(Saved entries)
▼▼▼

(* There is no $\kappa>0$ such that $\frac{dM_\kappa}{d\kappa}=0$ and $\frac{d}{d\kappa}\Big(\frac{M_\kappa}{R_\kappa}\Big)=0$ simultaneously.
   Context: Equation of state. $P:[0,\infty)\to[0,\infty)$ satisfies: (P1) $P\in C^1([0,\infty))$, $P(0)=0$, $P'(\rho)>0$ for $\rho>0$; (P2) there are $\zeta>0$, $k>0$, $\gamma\in(4/3,2)$ and $f\in C^1([0,\zeta])$ with $f(0)=0$ such that $P(\rho)=k\rho^\gamma(1+f(\rho))$ on $[0,\zeta]$; (P3) $P$ is invertible on $[0,\infty)$ and there are constants $c_s\in(0,1]$, $c_2>0$ with $|p-c_s^2P^{-1}(p)|\le c_2p^{1/2}$ for all $p>0$; (P4) $0<P'(\rho)\le 1$ for all $\rho>0$. Set $Q(\rho)=\int_0^\rho\frac{P'(s)}{s+P(s)}ds$ and $g(y)=Q^{-1}(y)$ for $y>0$, $g(y)=0$ for $y\le0$. Steady states. For each $\kappa>0$ let $y_\kappa$ be the unique solution on $[0,\infty)$ of $y'(r)=-\big(1-\frac{2m(r)}{r}\big)^{-1}\big(\frac{m(r)}{r^2}+4\pi rP(g(y(r)))\big)$, $y(0)=\kappa$, where $m(r)=4\pi\int_0^rs^2g(y(s))\,ds$; it is known that $y_\kappa$ exists globally, is strictly decreasing and has a unique zero $R_\kappa>0$ (the star radius). Put $\rho_\kappa=g(y_\kappa)$ (supported in $[0,R_\kappa]$), $m_\kappa(r)=4\pi\int_0^rs^2\rho_\kappa(s)ds$, $M_\kappa=m_\kappa(R_\kappa)$ (ADM mass). The maps $\kappa\mapsto y_\kappa, M_\kappa,R_\kappa$ are $C^1$. *)

theory Defs
  imports "HOL-Analysis.Analysis"
begin

definition eos :: "(real \<Rightarrow> real) \<Rightarrow> (real \<Rightarrow> real) \<Rightarrow> bool" where
  "eos P P' \<longleftrightarrow>
     \<comment> \<open>(P1)\<close>
     (\<forall>\<rho>\<ge>0. (P has_real_derivative P' \<rho>) (at \<rho> within {0..})) \<and>
     continuous_on {0..} P' \<and> P 0 = 0 \<and> (\<forall>\<rho>>0. P' \<rho> > 0) \<and>
     \<comment> \<open>(P2)\<close>
     (\<exists>\<zeta> k \<gamma> f f'. \<zeta> > 0 \<and> k > 0 \<and> 4/3 < \<gamma> \<and> \<gamma> < 2 \<and>
        (\<forall>\<rho>\<in>{0..\<zeta>}. (f has_real_derivative f' \<rho>) (at \<rho> within {0..\<zeta>})) \<and>
        continuous_on {0..\<zeta>} f' \<and> f 0 = 0 \<and>
        (\<forall>\<rho>\<in>{0..\<zeta>}. P \<rho> = k * \<rho> powr \<gamma> * (1 + f \<rho>))) \<and>
     \<comment> \<open>(P3)\<close>
     bij_betw P {0..} {0..} \<and>
     (\<exists>cs c2. 0 < cs \<and> cs \<le> 1 \<and> c2 > 0 \<and>
        (\<forall>p>0. \<bar>p - cs\<^sup>2 * the_inv_into {0..} P p\<bar> \<le> c2 * sqrt p)) \<and>
     \<comment> \<open>(P4)\<close>
     (\<forall>\<rho>>0. 0 < P' \<rho> \<and> P' \<rho> \<le> 1)"

definition Qf :: "(real \<Rightarrow> real) \<Rightarrow> (real \<Rightarrow> real) \<Rightarrow> real \<Rightarrow> real" where
  "Qf P P' \<rho> = integral {0..\<rho>} (\<lambda>s. P' s / (s + P s))"

definition gf :: "(real \<Rightarrow> real) \<Rightarrow> (real \<Rightarrow> real) \<Rightarrow> real \<Rightarrow> real" where
  "gf P P' y = (if y > 0 then the_inv_into {0<..} (Qf P P') y else 0)"

definition massf :: "(real \<Rightarrow> real) \<Rightarrow> (real \<Rightarrow> real) \<Rightarrow> (real \<Rightarrow> real) \<Rightarrow> real \<Rightarrow> real" where
  "massf P P' y r = 4 * pi * integral {0..r} (\<lambda>s. s\<^sup>2 * gf P P' (y s))"

text \<open>y solves the TOV equation on [0,oo) with y(0) = kappa (at r = 0 the right-hand
  side evaluates to 0, its limiting value, since m(0) = 0).\<close>
definition tov_sol :: "(real \<Rightarrow> real) \<Rightarrow> (real \<Rightarrow> real) \<Rightarrow> real \<Rightarrow> (real \<Rightarrow> real) \<Rightarrow> bool" where
  "tov_sol P P' \<kappa> y \<longleftrightarrow> y 0 = \<kappa> \<and>
     (\<forall>r>0. 2 * massf P P' y r < r) \<and>
     (\<forall>r\<ge>0. (y has_real_derivative
         (- (1 / (1 - 2 * massf P P' y r / r)) *
            (massf P P' y r / r\<^sup>2 + 4 * pi * r * P (gf P P' (y r)))))
       (at r within {0..}))"

end

theory Submission
  imports Defs
begin

text \<open>Suppose \<open>dM/d\<kappa>\<close> and \<open>d(M/R)/d\<kappa>\<close> both vanish at \<open>\<kappa>\<^sub>0\<close>. Since \<open>M\<close> is positive, also
  \<open>dR/d\<kappa> = 0\<close> there, so for \<open>\<kappa> = \<kappa>\<^sub>0 + h\<close> the pair \<open>(y\<^sub>\<kappa>, m\<^sub>\<kappa>)\<close> agrees with \<open>(y\<^sub>\<kappa>\<^sub>0, m\<^sub>\<kappa>\<^sub>0)\<close>
  at the radius \<open>R\<^sub>\<kappa>\<^sub>0\<close> up to \<open>o(h)\<close>: both \<open>y\<^sub>\<kappa>(R\<^sub>\<kappa>\<^sub>0) = y\<^sub>\<kappa>(R\<^sub>\<kappa>\<^sub>0) - y\<^sub>\<kappa>(R\<^sub>\<kappa>)\<close> and
  \<open>m\<^sub>\<kappa>(R\<^sub>\<kappa>\<^sub>0) - M\<^sub>\<kappa>\<^sub>0\<close> are controlled by \<open>|R\<^sub>\<kappa> - R\<^sub>\<kappa>\<^sub>0| + |M\<^sub>\<kappa> - M\<^sub>\<kappa>\<^sub>0|\<close>.
  Away from the centre and from the horizon \<open>r = 2m\<close> the TOV system is Lipschitz in \<open>(y, m)\<close>, so a
  Gronwall estimate run backwards from \<open>R\<^sub>\<kappa>\<^sub>0\<close> to a small radius \<open>\<epsilon>\<close> keeps the difference \<open>o(h)\<close>.
  Run forwards from the centre, where the difference is exactly \<open>h\<close>, the same Lipschitz estimate
  (now using \<open>|m\<^sub>\<kappa> - m\<^sub>\<kappa>\<^sub>0| = O(r\<^sup>3)\<close> to tame the singular factor \<open>1/r\<^sup>2\<close>) shows that the difference
  is still at least \<open>2h/3\<close> at \<open>\<epsilon>\<close>, a contradiction. A continuity argument shows that the solutions
  for \<open>\<kappa>\<close> near \<open>\<kappa>\<^sub>0\<close> stay uniformly away from the horizon, which the Lipschitz bounds require.
  Gronwall's inequality is used in a discrete form: on steps so short that the increment is at most
  half of the running maximum, that maximum at most doubles per step.\<close>

lemma abs_diff_le_of_derivative_bound:
  fixes f f' :: "real \<Rightarrow> real"
  assumes "\<And>x. x \<in> {a..b} \<Longrightarrow> (f has_real_derivative f' x) (at x within {a..b})"
    and "\<And>x. x \<in> {a..b} \<Longrightarrow> \<bar>f' x\<bar> \<le> B" and "x \<in> {a..b}" "y \<in> {a..b}"
  shows "\<bar>f x - f y\<bar> \<le> B * \<bar>x - y\<bar>"
  using field_differentiable_bound[of "{a..b}" f f' B x y] assms by simp

lemma small_increment_of_zero_derivative:
  fixes f :: "real \<Rightarrow> real"
  assumes "(f has_real_derivative 0) (at x)" "e > 0"
  shows "\<exists>d>0. \<forall>z. \<bar>z - x\<bar> < d \<longrightarrow> \<bar>f z - f x\<bar> \<le> e * \<bar>z - x\<bar>"
proof -
  have "((\<lambda>z. (f z - f x) / (z - x)) \<longlongrightarrow> 0) (at x)"
    using assms(1) by (simp add: has_field_derivative_iff)
  then obtain d where d: "d > 0" "\<And>z. z \<noteq> x \<and> norm (z - x) < d \<Longrightarrow> norm ((f z - f x) / (z - x) - 0) < e"
    unfolding LIM_eq using assms(2) by blast
  have "\<bar>f z - f x\<bar> \<le> e * \<bar>z - x\<bar>" if z: "\<bar>z - x\<bar> < d" for z
  proof (cases "z = x")
    case False
    then have "\<bar>f z - f x\<bar> / \<bar>z - x\<bar> < e" using d(2)[of z] z by (simp add: abs_div)
    then show ?thesis using False by (simp add: divide_less_eq less_imp_le)
  qed simp
  then show ?thesis using d(1) by blast
qed

lemma small_perturbation_near_0:
  fixes f f' :: "real \<Rightarrow> real"
  assumes df: "\<forall>\<rho>\<in>{0..\<zeta>}. (f has_real_derivative f' \<rho>) (at \<rho> within {0..\<zeta>})"
    and f'c: "continuous_on {0..\<zeta>} f'" and f0: "f 0 = 0" and \<zeta>: "\<zeta> > 0" and c: "c > 0"
  shows "\<exists>s0>0. s0 < \<zeta> \<and> (\<forall>s. 0 < s \<and> s \<le> s0 \<longrightarrow> \<bar>f s\<bar> \<le> 1/2 \<and> s * \<bar>f' s\<bar> \<le> c)"
proof -
  have "bounded (f' ` {0..\<zeta>})"
    by (rule compact_imp_bounded[OF compact_continuous_image[OF f'c compact_Icc]])
  then obtain F where F: "F > 0" "\<And>s. s \<in> {0..\<zeta>} \<Longrightarrow> \<bar>f' s\<bar> \<le> F"
    unfolding bounded_pos by auto
  have "continuous (at 0 within {0..\<zeta>}) f"
    using DERIV_continuous[of f "f' 0" 0 "{0..\<zeta>}"] df \<zeta> by simp
  then obtain d where d: "d > 0" "\<And>s. s \<in> {0..\<zeta>} \<Longrightarrow> dist s 0 < d \<Longrightarrow> dist (f s) (f 0) < 1/2"
    unfolding continuous_within_eps_delta by (meson divide_pos_pos zero_less_numeral zero_less_one)
  define s0 where "s0 = min (\<zeta>/2) (min (d/2) (c/F))"
  have s0: "s0 > 0" "s0 < \<zeta>" "s0 < d" "s0 * F \<le> c"
  proof -
    have a: "s0 \<le> \<zeta>/2" "s0 \<le> d/2" "s0 \<le> c/F" unfolding s0_def
      by (rule min.cobounded1, rule order_trans[OF min.cobounded2 min.cobounded1],
          rule order_trans[OF min.cobounded2 min.cobounded2])
    have "s0 > 0" using \<zeta> d F c unfolding s0_def by auto
    moreover have "s0 * F \<le> c/F * F" using a(3) F by (intro mult_right_mono) auto
    ultimately show "s0 > 0" "s0 < \<zeta>" "s0 < d" "s0 * F \<le> c" using a \<zeta> d F by auto
  qed
  have "\<bar>f s\<bar> \<le> 1/2 \<and> s * \<bar>f' s\<bar> \<le> c" if s: "0 < s" "s \<le> s0" for s
  proof
    show "\<bar>f s\<bar> \<le> 1/2" using d(2)[of s] s s0 f0 by (auto simp: dist_real_def)
    have "s * \<bar>f' s\<bar> \<le> s0 * F" using F(2)[of s] s s0 by (intro mult_mono) auto
    then show "s * \<bar>f' s\<bar> \<le> c" using s0 by simp
  qed
  then show ?thesis using s0 by blast
qed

▲▲▲

> [Task requirements]: From the data above, copy every line where "massf" appears.

> [Answer box]:
definition massf :: "(real \<Rightarrow> real) \<Rightarrow> (real \<Rightarrow> real) \<Rightarrow> (real \<Rightarrow> real) \<Rightarrow> real \<Rightarrow> real" where
  "massf P P' y r = 4 * pi * integral {0..r} (\<lambda>s. s\<^sup>2 * gf P P' (y s))"
     (\<forall>r>0. 2 * massf P P' y r < r) \<and>
         (- (1 / (1 - 2 * massf P P' y r / r)) *
            (massf P P' y r / r\<^sup>2 + 4 * pi * r * P (gf P P' (y r)))))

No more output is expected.